Focus your criticism on the elected form of government and nearly everyone currently alive, regardless of their nation, will be uncomprehending. History textbooks carefully gloss over the armed aggression by which America and the Soviet Union both forced elections upon Europe and Japan, and how America used military force to help deprive other New World nations of their rightful European sovereigns. That is why, when my other obligations ease a little, I am going to write that series of essays I've occasionally threatened, in which I detail how every country in the world lost its monarchs. Most Americans have no idea that Woodrow Wilson is to blame for much of the "democracy" in the world. Most people of all nations believe that the world just naturally became democratic as we ascended to our current dizzying height of enlightenment. This is on a par with late nineteenth-century books which blithely state that the world has outgrown war. (Also late twentieth-century books which blithely state that the world has outgrown war.)

When I criticize my beloved country, do not take me for one of them. In the words of Confucius, "One cannot be loyal to the sovereign without admonishing him."

2 comments:

MadMonarchist said...

It seems to be common, inside the US and outside the US that a great many think there are only two possible options: America is absolutely blameless or America is guilty of everything.

ZAROVE said...

I have the same problem as you. People have no actual understanding of my politician leanings, and assume I'm either hard left, or else insane. My overall values conflict with the died-in-the-wool American conservatives, because they tend to look with fondness on the American Founding Fathers and Revolution, that I claim was a mistake, leading them to, ironically, place me in the liberal category.
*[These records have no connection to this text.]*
lemma pf_coeff_partial_fractions:
  assumes "\<And>k. k \<le> N \<Longrightarrow> x * q ^ k \<noteq> 1"
  shows "(\<Sum>k\<le>N. pf_coeff q c N k / (1 - x * q ^ k)) = qpoch (c * x) q N / qpoch x q (Suc N)"
  using assms
proof (induction N arbitrary: x)
  case 0
  then show ?case
    by (simp add: pf_coeff_def qpoch_Suc)
next
  case (Suc N)
  have split_sum: "(\<Sum>k\<le>N. pf_coeff q c N k * pf_split_coeff c N k) = pf_coeff q c (Suc N) (Suc N)"
    by (rule pf_split_coeff_sum) (use Suc.IH inverse_qpow_Suc_times_qpow_ne_1 in simp)
  have term_split: "pf_coeff q c (Suc N) k / (1 - x * q ^ k)
      = pf_coeff q c N k * ((1 - c * x * q ^ N) / ((1 - x * q ^ k) * (1 - x * q ^ Suc N)))
        - pf_coeff q c N k * pf_split_coeff c N k / (1 - x * q ^ Suc N)" if "k \<le> N" for k
    using that Suc.prems[of k] Suc.prems[of "Suc N"] by (intro pf_coeff_Suc_split) auto
  have "(\<Sum>k\<le>N. pf_coeff q c (Suc N) k / (1 - x * q ^ k))
      = (1 - c * x * q ^ N) / (1 - x * q ^ Suc N) * (\<Sum>k\<le>N. pf_coeff q c N k / (1 - x * q ^ k))
        - (\<Sum>k\<le>N. pf_coeff q c N k * pf_split_coeff c N k) / (1 - x * q ^ Suc N)"
    using Suc.prems
    by (simp add: term_split sum_subtractf sum_distrib_left sum_divide_distrib field_simps)
  also have "\<dots> = (1 - c * x * q ^ N) / (1 - x * q ^ Suc N) * (qpoch (c * x) q N / qpoch x q (Suc N))
        - pf_coeff q c (Suc N) (Suc N) / (1 - x * q ^ Suc N)"
    using Suc by (simp add: split_sum)
  finally have "(\<Sum>k\<le>Suc N. pf_coeff q c (Suc N) k / (1 - x * q ^ k))
      = (1 - c * x * q ^ N) / (1 - x * q ^ Suc N) * (qpoch (c * x) q N / qpoch x q (Suc N))"
    by simp
  also have "\<dots> = qpoch (c * x) q (Suc N) / qpoch x q (Suc (Suc N))"
    by (simp only: qpoch_Suc[of "c * x" q N] qpoch_Suc[of x q "Suc N"] times_divide_times_eq ac_simps)
  finally show ?case .
qed

end

lemma sum_atMost_eq_0_plus_atLeast_1:
  fixes f :: "nat \<Rightarrow> 'a::comm_monoid_add"
  shows "(\<Sum>k\<le>N. f k) = f 0 + (\<Sum>k=1..N. f k)"
  unfolding atMost_atLeast0 by (subst sum.atLeast_Suc_atMost) simp_all

definition qharmonic :: "'a::field \<Rightarrow> 'a \<Rightarrow> nat \<Rightarrow> 'a" where
  "qharmonic q c N = (\<Sum>k=1..N. q ^ k / ((1 - c * q ^ (k - 1)) * (1 - q ^ k)))"

lemma qharmonic_Suc:
  "qharmonic q c (Suc N) = qharmonic q c N + q ^ Suc N / ((1 - c * q ^ N) * (1 - q ^ Suc N))"
  by (simp add: qharmonic_def)

definition pf_tail_sum :: "'a::field \<Rightarrow> 'a \<Rightarrow> nat \<Rightarrow> 'a" where
  "pf_tail_sum q c N = (\<Sum>k=1..N. pf_coeff q c N k / (1 - q ^ k))"

context qgeneric
begin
This is Ironic since the left is far more interested in Revolutionaries and praises societies based on the abolition of class systems and traditional values, which I obviously fight for. I can't be liberal, and cant be on the left, simply because I don't want to see a workers revolution that ends the existence of a capitalist upper class. I want to revert back to having an aristocratic upper class, and focus on family values, tradition, and duty, which are considered conservative. I simply don't think elections and voting for our leaders yields us a good selection of leaders or is particularly wise as a form of Governance.

As a Monarchist and American myself, I understand the confusion, and it is precisely because of the veneration of "Our Founding Fathers" and how we link this to the conservative cause, and anything critical of them is linked to the left which without fail hates America, blames America with all the evil in the world, and seeks a peoples socialist republic.
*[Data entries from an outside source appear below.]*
(* $R_{2/2,3}=1+\sqrt3$. Every element of $\Pi_{2/2,3}$ can be written as \[ \psi_a(z)=\frac{\left(\frac13+\frac a2\right)z^2+(a+1)z+1}{\left(-\frac a2-\frac16\right)z^2+az+1},\qquad a\in\mathbb{R}. \] The value $1+\sqrt3$ is attained by $a=-1+\frac{1}{\sqrt3}$, and $R(\psi_a)<1+\sqrt3$ for all $a\ne -1+\frac1{\sqrt3}$.
   Context: A real rational function $\psi$ is always considered in lowest terms, as a smooth function on $\mathbb{R}$ minus its finitely many poles. It is absolutely monotonic at $x\in\mathbb{R}$ if $x$ is not a pole and $\psi^{(k)}(x)\ge 0$ for all integers $k\ge 0$. The radius of absolute monotonicity is $R(\psi)=\sup\big(\{r\in[0,\infty): \psi \text{ is absolutely monotonic at each point of } [-r,0]\}\cup\{0\}\big)\in[0,+\infty]$. For $m,n,p\in\mathbb{N}$, $\Pi_{m/n,p}$ denotes the set of rational functions $\psi=P/Q$ with $P,Q$ real polynomials, $\deg P\le m$, $Q\not\equiv 0$, $\deg Q\le n$, such that $\psi(z)-e^z=O(z^{p+1})$ as $z\to 0$. Finally, $R_{m/n,p}=\sup\{R(\psi):\psi\in\Pi_{m/n,p}\}$. *)

theory Defs
  imports "HOL-Analysis.Analysis" "HOL-Computational_Algebra.Polynomial"
    "HOL-Computational_Algebra.Computational_Algebra" "HOL-Computational_Algebra.Field_as_Ring" "HOL-Library.Landau_Symbols"
    "HOL-Library.Extended_Real"
begin

text \<open>A real rational function is represented by a pair (P, Q) of real polynomials,
  Q nonzero; it is always taken in lowest terms (P and Q divided by their gcd).\<close>

definition rnum :: "real poly \<Rightarrow> real poly \<Rightarrow> real poly" where
  "rnum P Q = P div gcd P Q"

definition rden :: "real poly \<Rightarrow> real poly \<Rightarrow> real poly" where
  "rden P Q = Q div gcd P Q"

definition ratfun :: "real poly \<Rightarrow> real poly \<Rightarrow> real \<Rightarrow> real" where
  "ratfun P Q x = poly (rnum P Q) x / poly (rden P Q) x"

definition is_pole :: "real poly \<Rightarrow> real poly \<Rightarrow> real \<Rightarrow> bool" where
  "is_pole P Q x \<longleftrightarrow> poly (rden P Q) x = 0"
I don't want America turned into a radical leftist dictatorship though. I just don't want it transformed into a rightest one either.

People have hard time grasping this though because Humans are surprisingly Binary. In the past we'd have been on one side and they the other. Loyalist VS Patriot, or more generally Monarchist VS Republican.

Nowadays, everyone has embraced Democracy and its a settled matter, and so its Conservative VS Liberal, with no alternative. As Humans we tend to divide things into easy, even categories and see things as two sided, as this makes it easier to understand the issues, by placing things in two camps. When somethings doesn't fit into those categories, its just not well understood.

I know this is cold comfort, but I am with you on this.

Also, sorry for not often responding. College calls.